* EXERCISE PROMPT: Some of the lines below need repeating. Reproduce exactly those between the lines holding "text \<open>Cardinals are" and "k = topology_generated_by", inclusive.
START LISTED RECORDS
(* Let $\kappa$ be a regular infinite cardinal and $\mu$ a singular cardinal with $\mathrm{cf}(\mu)=\kappa$. The spaces $({}^{\mu}\kappa,\kappa)$ and $({}^{\mu}\mu,\kappa)$ are homeomorphic if and only if $\mu\le 2^{<\kappa}$.
   Context: For ordinals $\delta,\rho$, ${}^{\delta}\rho$ is the set of functions $\delta\to\rho$; for a partial function $s\colon\delta\rightharpoonup\rho$, $[s]=\{f\in{}^{\delta}\rho: s\subseteq f\}$. The ${<}\kappa$-box topology on ${}^{\delta}\rho$ has base $\{[s]: |\mathrm{dom}(s)|<\kappa\}$; $(X,\kappa)$ denotes $X$ with this topology. *)

theory Defs
  imports "HOL-Analysis.Analysis" "HOL-Library.FuncSet"
begin

text \<open>Cardinals are represented by cardinal well-orders (Card_order) from Main.
  The ordinal kappa (resp. mu) is the field of a card order rk (resp. rm).\<close>

definition basic_box :: "'i set \<Rightarrow> 'a set \<Rightarrow> ('i \<Rightarrow> 'a option) \<Rightarrow> ('i \<Rightarrow> 'a) set" where
  "basic_box D R s = {f \<in> D \<rightarrow>\<^sub>E R. \<forall>i\<in>dom s. s i = Some (f i)}"

definition box_top :: "'i set \<Rightarrow> 'a set \<Rightarrow> 'c rel \<Rightarrow> ('i \<Rightarrow> 'a) topology" where
  "box_top D R k = topology_generated_by
     {basic_box D R s | s. dom s \<subseteq> D \<and> ran s \<subseteq> R \<and> ordLess2 (card_of (dom s)) k}"

definition cof_is :: "'m rel \<Rightarrow> 'k rel \<Rightarrow> bool" where
  "cof_is rm rk \<longleftrightarrow>
     (\<exists>C. C \<subseteq> Field rm \<and> cofinal C rm \<and> ordIso2 (card_of C) rk) \<and>
     (\<forall>C. C \<subseteq> Field rm \<and> cofinal C rm \<longrightarrow> ordLeq2 rk (card_of C))"

text \<open>The set of all functions alpha -> 2 for ordinals alpha < kappa (alpha being a proper
  initial segment of Field rk); its cardinality is 2^{<kappa}.\<close>
definition two_less :: "'k rel \<Rightarrow> ('k \<Rightarrow> bool option) set" where
  "two_less rk = {f. \<exists>a \<in> Field rk. dom f = underS rk a}"

end

theory Submission
  imports Defs
begin

text \<open>
  All spaces carry the <\<kappa>-box topology and \<kappa> is regular, so a map between such spaces is
  continuous as soon as every output coordinate is locally determined by fewer than \<kappa> input
  coordinates.

  If \<mu> \<le> 2^<\<kappa>: code r \<in> \<kappa>^\<kappa> by x = r c0, by r restricted to a set S x of size |x| avoiding
  c0, and by the remaining values, re-indexed by a bijection. This gives \<kappa>^\<kappa> \<cong> \<Lambda> \<times> \<kappa>^\<kappa> with
  \<Lambda> = (SIGMA x<\<kappa>. S x \<rightarrow> \<kappa>) discrete, and |\<Lambda>| \<ge> 2^<\<kappa> \<ge> \<mu> gives \<Lambda> \<cong> \<mu> \<times> \<Lambda>, hence \<kappa>^\<kappa> \<cong> \<mu> \<times> \<kappa>^\<kappa>.
  With \<mu> \<times> \<kappa> \<cong> \<mu> one gets
  \<kappa>^\<mu> \<cong> (\<kappa>^\<kappa>)^\<mu> \<cong> (\<mu> \<times> \<kappa>^\<kappa>)^\<mu> \<cong> \<mu>^\<mu> \<times> \<kappa>^\<mu> \<cong> (\<mu> \<times> \<kappa>)^\<mu> \<cong> \<mu>^\<mu>.

  Conversely, \<mu>^\<mu> contains \<mu> pairwise disjoint nonempty open sets {y. y m0 = a}. In \<kappa>^\<mu> such a
  family yields pairwise incompatible partial functions with domains of size < \<kappa>; closing
  off under choosing a member extending a given small restriction, in \<kappa> stages and using
  (2^<\<kappa>)^<\<kappa> = 2^<\<kappa>, shows that there are at most 2^<\<kappa> of them.
\<close>

unbundle cardinal_syntax

section \<open>Sets of size less than a regular cardinal\<close>

lemma card_of_finite_ordLess:
  assumes "Card_order k" "\<not> finite (Field k)" "finite A"
  shows "|A| <o k"
  using finite_ordLess_infinite[of "|A|" k] assms card_of_Well_order[of A]
    card_order_on_well_order_on Field_card_of by metis

lemma card_of_insert_ordLess:
  assumes "Card_order k" "\<not> finite (Field k)" "|A| <o k"
  shows "|insert a A| <o k"
  using card_of_Un_ordLess_infinite_Field[OF assms(2,1) card_of_finite_ordLess[OF assms(1,2)] assms(3)]
  by (metis finite.emptyI finite_insert insert_is_Un)

lemma card_of_subset_ordLess:
  assumes "|B| <o k" "A \<subseteq> B"
  shows "|A| <o k"
  using assms card_of_mono1 ordLeq_ordLess_trans by blast

lemma card_of_image_ordLess:
  assumes "|B| <o k"
  shows "|f ` B| <o k"
  using assms card_of_image ordLeq_ordLess_trans by blast

lemma card_of_Times_ordLess:
  assumes "stable k" "|A| <o k" "|B| <o k"
  shows "|A \<times> B| <o k"
  using stable_elim[OF assms(1,2), of "\<lambda>_. B"] assms(3) by blast

lemma card_of_ordLess_Field:
  assumes "Card_order k" "|B| <o k"
  shows "|B| <o |Field k|"
  using ordLess_ordIso_trans[OF assms(2) ordIso_symmetric[OF card_of_Field_ordIso[OF assms(1)]]] .

lemma card_of_Diff_ordLess_ordIso:
  assumes "\<not> finite A" "|B| <o |A|"
  shows "|A - B| =o |A|"
proof -
  have "|A| \<le>o |A - B|"
  proof (rule ccontr)
    assume "\<not> |A| \<le>o |A - B|"
    then have "|A - B| <o |A|" using not_ordLeq_iff_ordLess card_of_Well_order by blast
    then have "|(A - B) \<union> B| <o |A|" using card_of_Un_ordLess_infinite[OF assms(1) _ assms(2)] by blast
    moreover have "|A| \<le>o |(A - B) \<union> B|" by (rule card_of_mono1) blast
    ultimately show False using not_ordLess_ordLeq by blast
  qed
  moreover have "|A - B| \<le>o |A|" by (rule card_of_mono1) blast
  ultimately show ?thesis using ordIso_iff_ordLeq by blast
qed

lemma regularCard_underS_bound:
  assumes rk: "Card_order rk" "\<not> finite (Field rk)" "regularCard rk"
    and B: "B \<subseteq> Field rk" "|B| <o rk"
  shows "\<exists>c\<in>Field rk. B \<subseteq> underS rk c"
proof -
  have w: "wo_rel rk" by (rule Card_order_wo_rel[OF rk(1)])
  have "\<not> cofinal B rk"
    using rk(3) B not_ordLess_ordIso unfolding regularCard_def by blast
  then obtain a where a: "a \<in> Field rk" "\<forall>x\<in>B. \<not> (a \<noteq> x \<and> (a, x) \<in> rk)"
    unfolding cofinal_def by blast
  obtain c where c: "c \<in> Field rk" "a \<noteq> c" "(a, c) \<in> rk"
    using infinite_Card_order_limit[OF rk(1,2) a(1)] by blast
  have "x \<in> underS rk c" if x: "x \<in> B" for x
  proof -
    have "(x, a) \<in> rk"
      using wo_rel.TOTALS[OF w] a x B(1) by (metis subsetD)
    then have "(x, c) \<in> rk" using wo_rel.TRANS[OF w] c(3) unfolding trans_def by blast
    moreover have "x \<noteq> c"
      using \<open>(x, a) \<in> rk\<close> c(2,3) wo_rel.ANTISYM[OF w] unfolding antisym_def by blast
    ultimately show ?thesis unfolding underS_def by blast
  qed
  then show ?thesis using c(1) by blast
qed

section \<open>The box topology and locally constant maps\<close>

lemma basic_box_restrict:
  "basic_box D R (\<lambda>i. if i \<in> S then Some (f i) else None) = {g \<in> D \<rightarrow>\<^sub>E R. \<forall>i\<in>S. g i = f i}"
  unfolding basic_box_def by (auto simp: dom_def)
END LISTED RECORDS
* WRITTEN ANSWER:
text \<open>Cardinals are represented by cardinal well-orders (Card_order) from Main.
  The ordinal kappa (resp. mu) is the field of a card order rk (resp. rm).\<close>

definition basic_box :: "'i set \<Rightarrow> 'a set \<Rightarrow> ('i \<Rightarrow> 'a option) \<Rightarrow> ('i \<Rightarrow> 'a) set" where
  "basic_box D R s = {f \<in> D \<rightarrow>\<^sub>E R. \<forall>i\<in>dom s. s i = Some (f i)}"

definition box_top :: "'i set \<Rightarrow> 'a set \<Rightarrow> 'c rel \<Rightarrow> ('i \<Rightarrow> 'a) topology" where
  "box_top D R k = topology_generated_by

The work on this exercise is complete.